* EXERCISE PROMPT *
Repeat, exactly as written, the line with "define x where" and every line that follows it in the material below, ending with the last.

* RECORD EXTRACTS *
____

lemma card_N_path_odd_ge:
  assumes "2 \<le> m" and L: "\<And>i. i \<in> {1..2 * k + 1} \<Longrightarrow> finite (L i) \<and> card (L i) = m"
  shows "m \<le> card {(y, z) \<in> L 1 \<times> L (2 * k + 1).
                      (m - 1) ^ (2 * k) + (m - 1) \<le> m * N_path (2 * k + 1) L y z}"
proof -
  have "m = card (L 1)"
    using L by simp
  also have "\<dots> \<le> card {(y, z) \<in> L 1 \<times> L (2 * k + 1).
                            (m - 1) ^ (2 * k) + (m - 1) \<le> m * N_path (2 * k + 1) L y z}"
    using L exists_N_path_odd_ge[OF assms] by (intro card_le_card_Sigma_if_total) auto
  finally show ?thesis .
qed

lemma real_divide_le_iff:
  fixes a b m :: nat
  assumes "0 < m"
  shows "real a / real m \<le> real b \<longleftrightarrow> a \<le> m * b"
  using assms by (simp add: divide_le_eq mult.commute flip: of_nat_mult)

theorem lemma20:
  fixes k m :: nat and L :: "nat \<Rightarrow> 'c set"
  assumes "m \<ge> 3"
    and "\<And>i. i \<in> {1..2*k+1} \<Longrightarrow> finite (L i) \<and> card (L i) = m"
  shows "(\<forall>c \<in> L 1. \<forall>d \<in> L (2*k+1).
            (real (m-1) ^ (2*k+1) - real (m-1)) / (real m * real (m-1))
              \<le> real (N_path (2*k+1) L c d))
       \<and> (real (m-1) ^ (2*k+1) - real (m-1)) / (real m * real (m-1)) + 1
            = (real (m-1) ^ (2*k) + real (m-1)) / real m
       \<and> m \<le> card {(y, z) \<in> L 1 \<times> L (2*k+1).
                 (real (m-1) ^ (2*k) + real (m-1)) / real m
                   \<le> real (N_path (2*k+1) L y z)}"
proof -
  define x where "x = (m - 1) ^ (2 * k)"
  have m: "2 \<le> m" and "0 < m"
    using assms(1) by simp_all
  have "1 \<le> x"
    using m by (simp add: x_def)
  then have bound_eq: "(real (m-1) ^ (2*k+1) - real (m-1)) / (real m * real (m-1)) = real (x - 1) / real m"
    using m by (simp add: x_def of_nat_diff field_simps)
  have "real (x - 1) / real m + 1 = real (x + (m - 1)) / real m"
    using m \<open>1 \<le> x\<close> by (simp add: of_nat_diff field_simps)
  moreover have "real (x - 1) / real m \<le> real (N_path (2*k+1) L c d)"
    if "c \<in> L 1" "d \<in> L (2*k+1)" for c d
    unfolding real_divide_le_iff[OF \<open>0 < m\<close>]
    using N_path_odd_ge[OF m assms(2) that, folded x_def] by linarith
  moreover have "m \<le> card {(y, z) \<in> L 1 \<times> L (2*k+1).
                              real (x + (m - 1)) / real m \<le> real (N_path (2*k+1) L y z)}"
    unfolding real_divide_le_iff[OF \<open>0 < m\<close>]
    using card_N_path_odd_ge[of m k L, OF m assms(2), folded x_def] .
  ultimately show ?thesis
    unfolding bound_eq by (simp add: x_def)
qed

____

* RESPONSE TO THE TASK *
  define x where "x = (m - 1) ^ (2 * k)"
  have m: "2 \<le> m" and "0 < m"
    using assms(1) by simp_all
  have "1 \<le> x"
    using m by (simp add: x_def)
  then have bound_eq: "(real (m-1) ^ (2*k+1) - real (m-1)) / (real m * real (m-1)) = real (x - 1) / real m"
    using m by (simp add: x_def of_nat_diff field_simps)
  have "real (x - 1) / real m + 1 = real (x + (m - 1)) / real m"
    using m \<open>1 \<le> x\<close> by (simp add: of_nat_diff field_simps)
  moreover have "real (x - 1) / real m \<le> real (N_path (2*k+1) L c d)"
    if "c \<in> L 1" "d \<in> L (2*k+1)" for c d
    unfolding real_divide_le_iff[OF \<open>0 < m\<close>]
    using N_path_odd_ge[OF m assms(2) that, folded x_def] by linarith
  moreover have "m \<le> card {(y, z) \<in> L 1 \<times> L (2*k+1).
                              real (x + (m - 1)) / real m \<le> real (N_path (2*k+1) L y z)}"
    unfolding real_divide_le_iff[OF \<open>0 < m\<close>]
    using card_N_path_odd_ge[of m k L, OF m assms(2), folded x_def] .
  ultimately show ?thesis
    unfolding bound_eq by (simp add: x_def)
qed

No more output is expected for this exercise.